Dataset Block Start

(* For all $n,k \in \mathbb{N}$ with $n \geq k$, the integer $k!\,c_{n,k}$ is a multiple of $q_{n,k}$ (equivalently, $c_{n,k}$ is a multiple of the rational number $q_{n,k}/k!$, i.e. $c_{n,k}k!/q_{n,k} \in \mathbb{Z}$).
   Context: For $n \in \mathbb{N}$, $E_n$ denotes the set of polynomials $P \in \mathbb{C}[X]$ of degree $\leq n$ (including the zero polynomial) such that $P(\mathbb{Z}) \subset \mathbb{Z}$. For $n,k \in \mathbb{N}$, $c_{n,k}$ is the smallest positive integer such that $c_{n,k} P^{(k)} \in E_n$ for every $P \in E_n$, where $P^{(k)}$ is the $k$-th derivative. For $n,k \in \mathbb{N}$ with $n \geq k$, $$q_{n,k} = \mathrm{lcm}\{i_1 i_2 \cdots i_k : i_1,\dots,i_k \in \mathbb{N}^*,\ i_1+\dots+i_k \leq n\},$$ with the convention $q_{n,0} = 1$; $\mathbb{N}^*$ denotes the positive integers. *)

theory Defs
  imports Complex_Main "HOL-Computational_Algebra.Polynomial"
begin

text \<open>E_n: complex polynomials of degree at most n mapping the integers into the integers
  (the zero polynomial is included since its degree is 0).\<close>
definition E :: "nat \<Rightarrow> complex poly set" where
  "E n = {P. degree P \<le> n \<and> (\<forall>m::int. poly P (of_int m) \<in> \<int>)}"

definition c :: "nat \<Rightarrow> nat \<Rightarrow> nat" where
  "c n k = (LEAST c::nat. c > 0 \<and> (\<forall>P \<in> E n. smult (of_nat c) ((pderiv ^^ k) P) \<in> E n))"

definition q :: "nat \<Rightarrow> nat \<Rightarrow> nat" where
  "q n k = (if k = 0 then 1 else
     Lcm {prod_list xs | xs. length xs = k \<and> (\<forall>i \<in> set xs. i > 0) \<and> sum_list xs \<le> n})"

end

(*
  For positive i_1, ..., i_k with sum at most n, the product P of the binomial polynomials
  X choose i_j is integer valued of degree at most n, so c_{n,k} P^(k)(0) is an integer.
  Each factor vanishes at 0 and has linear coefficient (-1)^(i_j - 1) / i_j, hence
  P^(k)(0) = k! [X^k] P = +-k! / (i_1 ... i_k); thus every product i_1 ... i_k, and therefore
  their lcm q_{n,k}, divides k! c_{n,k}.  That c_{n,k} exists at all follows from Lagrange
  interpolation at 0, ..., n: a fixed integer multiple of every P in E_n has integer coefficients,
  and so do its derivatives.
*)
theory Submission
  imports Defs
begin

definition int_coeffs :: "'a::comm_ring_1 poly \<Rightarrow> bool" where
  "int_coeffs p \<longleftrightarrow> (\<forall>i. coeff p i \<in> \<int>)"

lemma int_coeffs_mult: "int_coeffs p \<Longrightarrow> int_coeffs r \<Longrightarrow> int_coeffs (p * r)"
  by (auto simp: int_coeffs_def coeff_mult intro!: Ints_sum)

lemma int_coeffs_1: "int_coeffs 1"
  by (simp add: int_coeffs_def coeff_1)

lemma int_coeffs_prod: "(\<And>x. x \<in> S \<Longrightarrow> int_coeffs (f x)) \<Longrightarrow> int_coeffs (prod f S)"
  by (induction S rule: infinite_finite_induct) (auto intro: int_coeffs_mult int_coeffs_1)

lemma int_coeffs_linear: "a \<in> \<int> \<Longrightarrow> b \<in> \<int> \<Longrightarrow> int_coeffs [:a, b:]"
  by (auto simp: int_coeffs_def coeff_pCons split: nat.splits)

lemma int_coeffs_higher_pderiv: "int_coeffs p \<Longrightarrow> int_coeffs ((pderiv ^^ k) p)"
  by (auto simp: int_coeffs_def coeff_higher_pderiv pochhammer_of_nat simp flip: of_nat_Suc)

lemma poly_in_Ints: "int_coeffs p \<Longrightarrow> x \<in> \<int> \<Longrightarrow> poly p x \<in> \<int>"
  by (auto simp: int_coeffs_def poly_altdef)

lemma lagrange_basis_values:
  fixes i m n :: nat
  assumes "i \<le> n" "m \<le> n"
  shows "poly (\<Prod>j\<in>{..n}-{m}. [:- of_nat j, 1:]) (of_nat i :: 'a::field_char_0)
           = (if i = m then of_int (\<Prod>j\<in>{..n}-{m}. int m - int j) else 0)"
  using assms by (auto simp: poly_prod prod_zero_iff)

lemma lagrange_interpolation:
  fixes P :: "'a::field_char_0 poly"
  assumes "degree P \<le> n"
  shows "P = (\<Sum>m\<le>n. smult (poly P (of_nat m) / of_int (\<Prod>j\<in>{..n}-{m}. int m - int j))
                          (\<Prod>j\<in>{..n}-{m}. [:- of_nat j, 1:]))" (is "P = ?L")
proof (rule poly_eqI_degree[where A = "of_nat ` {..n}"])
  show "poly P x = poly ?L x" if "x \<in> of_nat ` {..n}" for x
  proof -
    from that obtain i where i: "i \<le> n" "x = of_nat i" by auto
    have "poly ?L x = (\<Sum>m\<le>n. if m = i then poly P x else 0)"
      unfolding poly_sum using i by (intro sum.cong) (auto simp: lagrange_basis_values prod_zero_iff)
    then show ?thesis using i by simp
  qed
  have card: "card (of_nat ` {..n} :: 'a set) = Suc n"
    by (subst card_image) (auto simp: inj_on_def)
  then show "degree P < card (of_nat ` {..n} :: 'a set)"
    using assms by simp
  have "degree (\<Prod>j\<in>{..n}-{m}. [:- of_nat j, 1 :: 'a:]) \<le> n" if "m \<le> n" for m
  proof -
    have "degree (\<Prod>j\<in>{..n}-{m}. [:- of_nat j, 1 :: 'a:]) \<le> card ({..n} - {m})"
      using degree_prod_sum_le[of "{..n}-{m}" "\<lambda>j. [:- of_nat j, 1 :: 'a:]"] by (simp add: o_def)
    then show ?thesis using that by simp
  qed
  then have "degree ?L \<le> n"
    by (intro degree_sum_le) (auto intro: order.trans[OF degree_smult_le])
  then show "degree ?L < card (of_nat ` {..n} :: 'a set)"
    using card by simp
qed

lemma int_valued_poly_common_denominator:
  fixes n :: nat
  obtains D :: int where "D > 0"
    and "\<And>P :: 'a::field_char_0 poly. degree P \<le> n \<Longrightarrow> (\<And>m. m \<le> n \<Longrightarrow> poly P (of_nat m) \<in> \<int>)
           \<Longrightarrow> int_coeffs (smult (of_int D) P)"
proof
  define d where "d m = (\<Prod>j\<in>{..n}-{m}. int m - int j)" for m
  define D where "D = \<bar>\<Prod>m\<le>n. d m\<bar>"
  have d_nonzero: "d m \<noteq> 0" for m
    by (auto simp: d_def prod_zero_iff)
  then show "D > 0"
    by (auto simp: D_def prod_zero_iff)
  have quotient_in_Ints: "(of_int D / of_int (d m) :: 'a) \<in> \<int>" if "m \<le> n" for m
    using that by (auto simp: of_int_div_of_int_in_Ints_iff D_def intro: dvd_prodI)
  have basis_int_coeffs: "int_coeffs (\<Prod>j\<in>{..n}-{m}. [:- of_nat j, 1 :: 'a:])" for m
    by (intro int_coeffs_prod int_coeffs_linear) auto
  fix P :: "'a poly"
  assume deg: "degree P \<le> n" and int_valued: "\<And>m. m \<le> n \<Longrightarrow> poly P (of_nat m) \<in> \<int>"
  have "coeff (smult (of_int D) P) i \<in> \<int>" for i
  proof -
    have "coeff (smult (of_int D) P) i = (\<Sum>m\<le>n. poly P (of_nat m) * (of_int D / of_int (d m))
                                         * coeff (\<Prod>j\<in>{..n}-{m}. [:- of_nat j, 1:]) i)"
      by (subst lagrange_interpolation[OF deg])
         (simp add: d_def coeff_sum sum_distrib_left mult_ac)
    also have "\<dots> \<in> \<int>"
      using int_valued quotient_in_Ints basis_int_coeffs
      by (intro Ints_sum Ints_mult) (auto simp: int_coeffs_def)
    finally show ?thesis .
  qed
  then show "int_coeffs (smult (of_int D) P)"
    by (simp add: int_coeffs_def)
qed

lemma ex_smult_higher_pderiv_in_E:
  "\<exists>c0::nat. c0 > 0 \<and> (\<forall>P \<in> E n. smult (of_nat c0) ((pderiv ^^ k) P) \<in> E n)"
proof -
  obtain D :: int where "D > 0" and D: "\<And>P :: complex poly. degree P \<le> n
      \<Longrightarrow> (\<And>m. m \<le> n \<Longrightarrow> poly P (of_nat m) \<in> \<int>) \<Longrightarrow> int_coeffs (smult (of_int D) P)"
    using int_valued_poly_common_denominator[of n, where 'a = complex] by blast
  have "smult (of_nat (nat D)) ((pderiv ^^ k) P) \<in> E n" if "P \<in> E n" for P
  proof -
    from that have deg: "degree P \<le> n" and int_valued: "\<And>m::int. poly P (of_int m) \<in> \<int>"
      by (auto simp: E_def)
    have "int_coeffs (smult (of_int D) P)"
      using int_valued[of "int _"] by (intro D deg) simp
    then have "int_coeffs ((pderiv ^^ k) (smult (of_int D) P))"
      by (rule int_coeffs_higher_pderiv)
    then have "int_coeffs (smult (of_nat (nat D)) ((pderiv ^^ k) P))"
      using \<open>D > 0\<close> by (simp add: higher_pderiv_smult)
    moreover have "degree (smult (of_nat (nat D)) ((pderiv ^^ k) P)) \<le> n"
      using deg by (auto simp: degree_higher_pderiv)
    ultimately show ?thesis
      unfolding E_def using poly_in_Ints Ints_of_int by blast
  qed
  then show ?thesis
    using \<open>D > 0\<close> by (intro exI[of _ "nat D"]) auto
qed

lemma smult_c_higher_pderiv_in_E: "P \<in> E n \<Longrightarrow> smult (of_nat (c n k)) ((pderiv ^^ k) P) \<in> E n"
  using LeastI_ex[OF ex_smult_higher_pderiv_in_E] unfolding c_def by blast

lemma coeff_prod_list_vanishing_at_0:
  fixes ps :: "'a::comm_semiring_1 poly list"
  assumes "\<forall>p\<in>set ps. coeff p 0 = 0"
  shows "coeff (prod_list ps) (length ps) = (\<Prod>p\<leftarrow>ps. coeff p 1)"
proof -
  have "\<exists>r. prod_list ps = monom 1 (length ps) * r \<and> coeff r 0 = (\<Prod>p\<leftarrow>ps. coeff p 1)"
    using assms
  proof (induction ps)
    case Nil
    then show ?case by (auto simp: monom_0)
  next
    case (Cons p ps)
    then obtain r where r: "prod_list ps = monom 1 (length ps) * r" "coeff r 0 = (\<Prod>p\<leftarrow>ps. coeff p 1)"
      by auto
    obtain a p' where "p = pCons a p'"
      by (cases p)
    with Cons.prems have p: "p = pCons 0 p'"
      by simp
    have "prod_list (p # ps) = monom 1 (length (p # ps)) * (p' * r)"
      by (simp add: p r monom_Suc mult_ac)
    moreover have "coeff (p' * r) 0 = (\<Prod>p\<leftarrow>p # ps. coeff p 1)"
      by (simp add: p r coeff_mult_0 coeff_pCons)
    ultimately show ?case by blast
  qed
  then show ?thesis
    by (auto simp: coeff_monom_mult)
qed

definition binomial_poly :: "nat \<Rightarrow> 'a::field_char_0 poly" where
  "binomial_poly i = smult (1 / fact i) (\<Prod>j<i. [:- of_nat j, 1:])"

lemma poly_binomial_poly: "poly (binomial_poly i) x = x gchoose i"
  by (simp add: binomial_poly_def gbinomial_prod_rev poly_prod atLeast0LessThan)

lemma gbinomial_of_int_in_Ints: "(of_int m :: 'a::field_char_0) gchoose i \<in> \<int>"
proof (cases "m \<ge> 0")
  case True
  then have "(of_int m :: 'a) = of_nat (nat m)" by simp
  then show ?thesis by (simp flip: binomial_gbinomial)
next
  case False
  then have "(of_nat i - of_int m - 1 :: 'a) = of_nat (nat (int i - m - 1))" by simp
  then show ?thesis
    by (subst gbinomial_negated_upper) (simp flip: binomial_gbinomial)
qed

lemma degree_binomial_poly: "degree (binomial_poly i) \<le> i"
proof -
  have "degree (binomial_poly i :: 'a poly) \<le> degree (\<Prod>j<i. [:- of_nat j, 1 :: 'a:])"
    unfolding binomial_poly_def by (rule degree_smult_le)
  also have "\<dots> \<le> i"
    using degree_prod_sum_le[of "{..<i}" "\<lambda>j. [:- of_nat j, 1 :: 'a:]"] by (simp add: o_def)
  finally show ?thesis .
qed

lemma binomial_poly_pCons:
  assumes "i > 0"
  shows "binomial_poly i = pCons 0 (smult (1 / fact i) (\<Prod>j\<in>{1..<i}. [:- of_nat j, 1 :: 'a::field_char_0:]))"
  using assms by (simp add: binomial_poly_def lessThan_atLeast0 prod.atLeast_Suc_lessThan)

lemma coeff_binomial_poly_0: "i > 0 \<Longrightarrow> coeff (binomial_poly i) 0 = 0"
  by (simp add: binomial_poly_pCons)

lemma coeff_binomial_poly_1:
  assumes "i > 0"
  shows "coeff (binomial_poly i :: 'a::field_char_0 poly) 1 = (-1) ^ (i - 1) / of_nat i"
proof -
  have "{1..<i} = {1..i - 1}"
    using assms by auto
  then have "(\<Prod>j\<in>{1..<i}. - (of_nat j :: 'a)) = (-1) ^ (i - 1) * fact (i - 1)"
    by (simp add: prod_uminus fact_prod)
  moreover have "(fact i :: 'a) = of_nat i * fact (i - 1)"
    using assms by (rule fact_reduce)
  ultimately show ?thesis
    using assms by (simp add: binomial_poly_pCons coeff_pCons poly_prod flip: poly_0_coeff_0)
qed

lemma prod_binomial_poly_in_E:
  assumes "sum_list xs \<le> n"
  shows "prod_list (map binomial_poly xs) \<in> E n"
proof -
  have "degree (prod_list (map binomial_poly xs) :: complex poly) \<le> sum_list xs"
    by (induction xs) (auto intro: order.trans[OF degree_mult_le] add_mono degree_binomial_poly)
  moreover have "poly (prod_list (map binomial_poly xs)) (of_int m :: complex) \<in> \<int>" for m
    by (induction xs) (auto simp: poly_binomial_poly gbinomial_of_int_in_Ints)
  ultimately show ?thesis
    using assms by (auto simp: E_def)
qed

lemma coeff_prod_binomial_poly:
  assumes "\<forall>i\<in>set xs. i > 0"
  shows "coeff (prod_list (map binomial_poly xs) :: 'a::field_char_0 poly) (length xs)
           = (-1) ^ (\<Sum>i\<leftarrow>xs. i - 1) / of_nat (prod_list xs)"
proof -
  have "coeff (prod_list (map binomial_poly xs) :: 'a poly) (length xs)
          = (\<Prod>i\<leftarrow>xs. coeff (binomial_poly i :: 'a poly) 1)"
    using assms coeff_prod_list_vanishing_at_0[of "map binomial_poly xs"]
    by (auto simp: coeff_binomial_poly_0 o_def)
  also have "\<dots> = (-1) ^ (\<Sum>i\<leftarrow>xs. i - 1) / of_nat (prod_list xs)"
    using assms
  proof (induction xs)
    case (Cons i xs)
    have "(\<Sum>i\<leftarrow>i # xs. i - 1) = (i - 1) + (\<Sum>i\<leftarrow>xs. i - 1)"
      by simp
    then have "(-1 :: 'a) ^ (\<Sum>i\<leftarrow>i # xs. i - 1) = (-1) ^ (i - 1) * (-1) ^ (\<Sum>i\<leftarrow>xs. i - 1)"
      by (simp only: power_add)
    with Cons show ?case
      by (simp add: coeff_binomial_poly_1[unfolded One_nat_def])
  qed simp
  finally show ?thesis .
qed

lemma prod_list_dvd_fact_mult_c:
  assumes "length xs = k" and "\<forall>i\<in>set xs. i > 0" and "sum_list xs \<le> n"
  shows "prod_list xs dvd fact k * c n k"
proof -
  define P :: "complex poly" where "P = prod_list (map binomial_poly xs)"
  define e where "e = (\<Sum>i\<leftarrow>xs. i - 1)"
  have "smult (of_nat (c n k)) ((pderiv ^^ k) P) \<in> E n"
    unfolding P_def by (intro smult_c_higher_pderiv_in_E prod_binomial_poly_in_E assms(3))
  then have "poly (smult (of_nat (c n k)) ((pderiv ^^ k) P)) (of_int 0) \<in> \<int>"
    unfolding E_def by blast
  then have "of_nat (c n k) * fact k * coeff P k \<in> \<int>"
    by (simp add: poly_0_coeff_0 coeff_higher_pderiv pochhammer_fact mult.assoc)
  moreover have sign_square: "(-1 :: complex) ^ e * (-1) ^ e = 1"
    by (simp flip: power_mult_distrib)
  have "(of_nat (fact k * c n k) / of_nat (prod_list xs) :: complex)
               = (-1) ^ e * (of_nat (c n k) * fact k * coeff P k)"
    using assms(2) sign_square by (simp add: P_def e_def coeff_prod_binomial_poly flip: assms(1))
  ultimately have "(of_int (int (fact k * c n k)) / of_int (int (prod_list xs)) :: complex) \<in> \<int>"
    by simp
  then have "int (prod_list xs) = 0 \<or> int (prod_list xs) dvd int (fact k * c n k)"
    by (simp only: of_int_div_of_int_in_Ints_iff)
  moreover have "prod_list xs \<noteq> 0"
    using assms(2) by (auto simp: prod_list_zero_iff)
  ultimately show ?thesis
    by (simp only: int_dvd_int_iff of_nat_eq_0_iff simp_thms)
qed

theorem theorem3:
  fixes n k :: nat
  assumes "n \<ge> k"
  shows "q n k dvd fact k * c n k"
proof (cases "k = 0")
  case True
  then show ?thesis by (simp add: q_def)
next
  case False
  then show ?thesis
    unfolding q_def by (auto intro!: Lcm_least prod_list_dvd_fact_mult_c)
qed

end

Dataset Block End

Requirement: Only the lines above from the one with "D)) ((pderiv ^^ k) P) \<in>" through the one with "fact i) (\<Prod>j<i." should be duplicated, character for character.

Result for this task:
  have "smult (of_nat (nat D)) ((pderiv ^^ k) P) \<in> E n" if "P \<in> E n" for P
  proof -
    from that have deg: "degree P \<le> n" and int_valued: "\<And>m::int. poly P (of_int m) \<in> \<int>"
      by (auto simp: E_def)
    have "int_coeffs (smult (of_int D) P)"
      using int_valued[of "int _"] by (intro D deg) simp
    then have "int_coeffs ((pderiv ^^ k) (smult (of_int D) P))"
      by (rule int_coeffs_higher_pderiv)
    then have "int_coeffs (smult (of_nat (nat D)) ((pderiv ^^ k) P))"
      using \<open>D > 0\<close> by (simp add: higher_pderiv_smult)
    moreover have "degree (smult (of_nat (nat D)) ((pderiv ^^ k) P)) \<le> n"
      using deg by (auto simp: degree_higher_pderiv)
    ultimately show ?thesis
      unfolding E_def using poly_in_Ints Ints_of_int by blast
  qed
  then show ?thesis
    using \<open>D > 0\<close> by (intro exI[of _ "nat D"]) auto
qed

lemma smult_c_higher_pderiv_in_E: "P \<in> E n \<Longrightarrow> smult (of_nat (c n k)) ((pderiv ^^ k) P) \<in> E n"
  using LeastI_ex[OF ex_smult_higher_pderiv_in_E] unfolding c_def by blast

lemma coeff_prod_list_vanishing_at_0:
  fixes ps :: "'a::comm_semiring_1 poly list"
  assumes "\<forall>p\<in>set ps. coeff p 0 = 0"
  shows "coeff (prod_list ps) (length ps) = (\<Prod>p\<leftarrow>ps. coeff p 1)"
proof -
  have "\<exists>r. prod_list ps = monom 1 (length ps) * r \<and> coeff r 0 = (\<Prod>p\<leftarrow>ps. coeff p 1)"
    using assms
  proof (induction ps)
    case Nil
    then show ?case by (auto simp: monom_0)
  next
    case (Cons p ps)
    then obtain r where r: "prod_list ps = monom 1 (length ps) * r" "coeff r 0 = (\<Prod>p\<leftarrow>ps. coeff p 1)"
      by auto
    obtain a p' where "p = pCons a p'"
      by (cases p)
    with Cons.prems have p: "p = pCons 0 p'"
      by simp
    have "prod_list (p # ps) = monom 1 (length (p # ps)) * (p' * r)"
      by (simp add: p r monom_Suc mult_ac)
    moreover have "coeff (p' * r) 0 = (\<Prod>p\<leftarrow>p # ps. coeff p 1)"
      by (simp add: p r coeff_mult_0 coeff_pCons)
    ultimately show ?case by blast
  qed
  then show ?thesis
    by (auto simp: coeff_monom_mult)
qed

definition binomial_poly :: "nat \<Rightarrow> 'a::field_char_0 poly" where
  "binomial_poly i = smult (1 / fact i) (\<Prod>j<i. [:- of_nat j, 1:])"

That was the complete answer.